Psalm

Put your hope in the Lord. Travel steadily along His path.
Psalm 37:34

Wednesday, January 11, 2017

Re-Focus....Re-Prioritize

     Continuing to see my lovely Doctor was so important to us, we've chosen to pay out of pocket in order to have her manage my hospice care. Her guidance through this journey has been a tremendous blessing and I couldn't bear the thought of continuing without her.
     We were able to meet with her this week. We discussed the increasing symptoms, pain and fatigue. I've also been experiencing abdominal and back spasms. The abdominal tumors and those in my ribs have begun a constant painful assault. The abdominal spasms are located in an area where a tumor has wrapped itself around the muscle. We've been trying to manage these through pain meds and muscle relaxers. Unfortunately, the pain and spasms continue to worsen.
The large tumor is beginning to push further upward into my sternum area - this is not only painful, it is causing wicked reflux.
     We are adjusting my med routine to try and manage all of this, however, this is where my stubbornness also kicks in. At this time, I refuse to be stuck in a drug-addled stupor all day. I want to be as lucid as possible for as long as possible. One day, my body won't give me a choice and the pain will win out - until then, I'm digging in my heels.
     We also discussed an increase in anxiety that has manifested in the last couple of weeks. I told her that I was unsure where it was coming from. She calmly and softly informed me that it is grief. As soon as she said it, I knew she was correct. She told me that I am grieving my old life. She handed me the box of kleenex and I told her that I am grieving - I am grieving the person I once was; the life I once lived; and what will never be again. It is incredibly heart wrenching to come to terms with the fact that my life will now be spent on the couch, in the bed and occasionally, I will get out of the house for a doctors appointment and if I'm feeling particularly spunky - Target.
     My Doctor stated that it all comes down to perceived control, when in actuality, we have no control whatsoever, over any of this. She encouraged me to determine what I really, truly need to accomplish / complete - do it and literally let the rest go.
It's time to re-prioritize. I think this is what having a terminal illness is about - constantly re-prioritizing and allowing this path to shape us - one-final-time.
     She urged me to see myself as I truly am - a soul and a light walking this earth. She stated that I am not the pieces of jewelry I once created; I am not the pastries I once baked; I am not the job I once held; or the home I once kept. Those things are not who I am. I am a human-being, not a human-doing. After a good cry and hugs, we ended our visit.

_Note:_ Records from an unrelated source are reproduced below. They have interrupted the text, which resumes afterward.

(* Let $B$ be a $\mathbb{Z}$-graded integral domain containing a field $k$. If $B$ has a cylindrical element, then there exists a field $K$ with $k\subseteq K\subseteq \operatorname{Frac}(B)$ such that $\operatorname{Frac}(B)$ is a purely transcendental extension of $K$ of transcendence degree $2$.
   Context: For a nonzero homogeneous $f\in B$, $B_{(f)}$ denotes the degree-$0$ subring of the graded ring $B_f=S^{-1}B$, $S=\{1,f,f^2,\dots\}$. A ring $C$ is a polynomial ring in one variable if there is a subring $A\subseteq C$ such that $C$ is a polynomial ring in one variable over $A$ (the zero ring counts). An element $f$ of a $\mathbb{Z}$-graded domain $B$ is cylindrical if it is nonzero, homogeneous of nonzero degree, and $B_{(f)}$ is a polynomial ring in one variable. *)

theory Defs
  imports "HOL-Computational_Algebra.Polynomial" "HOL-Computational_Algebra.Fraction_Field"
begin

definition is_subring :: "'a::comm_ring_1 set \<Rightarrow> bool" where
  "is_subring A \<longleftrightarrow> 0 \<in> A \<and> 1 \<in> A \<and>
     (\<forall>a\<in>A. \<forall>b\<in>A. a + b \<in> A \<and> a - b \<in> A \<and> a * b \<in> A)"

definition is_subfield :: "'a::comm_ring_1 set \<Rightarrow> bool" where
  "is_subfield A \<longleftrightarrow> is_subring A \<and> (\<forall>a\<in>A. a \<noteq> 0 \<longrightarrow> (\<exists>b\<in>A. a * b = 1))"

text \<open>A Z-grading B = (direct sum over d) B_d, with B_d B_e contained in B_(d+e).\<close>
definition Z_grading :: "(int \<Rightarrow> 'b::comm_ring_1 set) \<Rightarrow> bool" where
  "Z_grading G \<longleftrightarrow>
     (\<forall>d. 0 \<in> G d \<and> (\<forall>a\<in>G d. \<forall>b\<in>G d. a + b \<in> G d \<and> - a \<in> G d)) \<and>
     (\<forall>d e. \<forall>a\<in>G d. \<forall>b\<in>G e. a * b \<in> G (d + e)) \<and>
     (\<forall>b. \<exists>c. finite {d. c d \<noteq> 0} \<and> (\<forall>d. c d \<in> G d) \<and> b = (\<Sum>d\<in>{d. c d \<noteq> 0}. c d)) \<and>
     (\<forall>c. finite {d. c d \<noteq> 0} \<and> (\<forall>d. c d \<in> G d) \<and> (\<Sum>d\<in>{d. c d \<noteq> 0}. c d) = 0
          \<longrightarrow> (\<forall>d. c d = 0))"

                                       I am a human-being....not a human-doing.


     Not long after returning home, our Doctor called. She said the amount of pain and spasms were troubling her, as they would only continue to worsen. She had given the matter considerable thought and wanted us to meet with my Radiation Oncologist to discuss another round of palliative radiation to possibly aid in managing the pain.
Today, we met with my Radiologist. He pulled up my scans and charts and after determining the exact areas causing the most pain, determined that additional radiation to those areas will not be possible. We have done the maximum amount of radiation to those areas that my body will allow. To do additional treatments would cause more harm than good. It could very possibly cause harm to surrounding organs or cause a bowel perforation - none of those are good outcomes. So, we will continue our current course.

It is time to re-prioritize and re-focus. It's time to focus my dwindling energy where it can do the most good....sending love, prayers and light out to and for others. Spend time in prayer and meditation to understand just what I am supposed to be learning at this stage - Just when you think you cannot possibly delve deeper on this journey, you realize, you haven't even scratched the surface.



      This can be such an emotional roller coaster  just when you think you have reached a place of peace and acceptance, you have a day when you think, "well this totally sucks!", and you find yourself working through the grief and sadness all over again.
     As I walk and often stumble my way through this, I will be working hard on letting go of my illusion of control, spending more time in prayer and sending much love and light to all of you!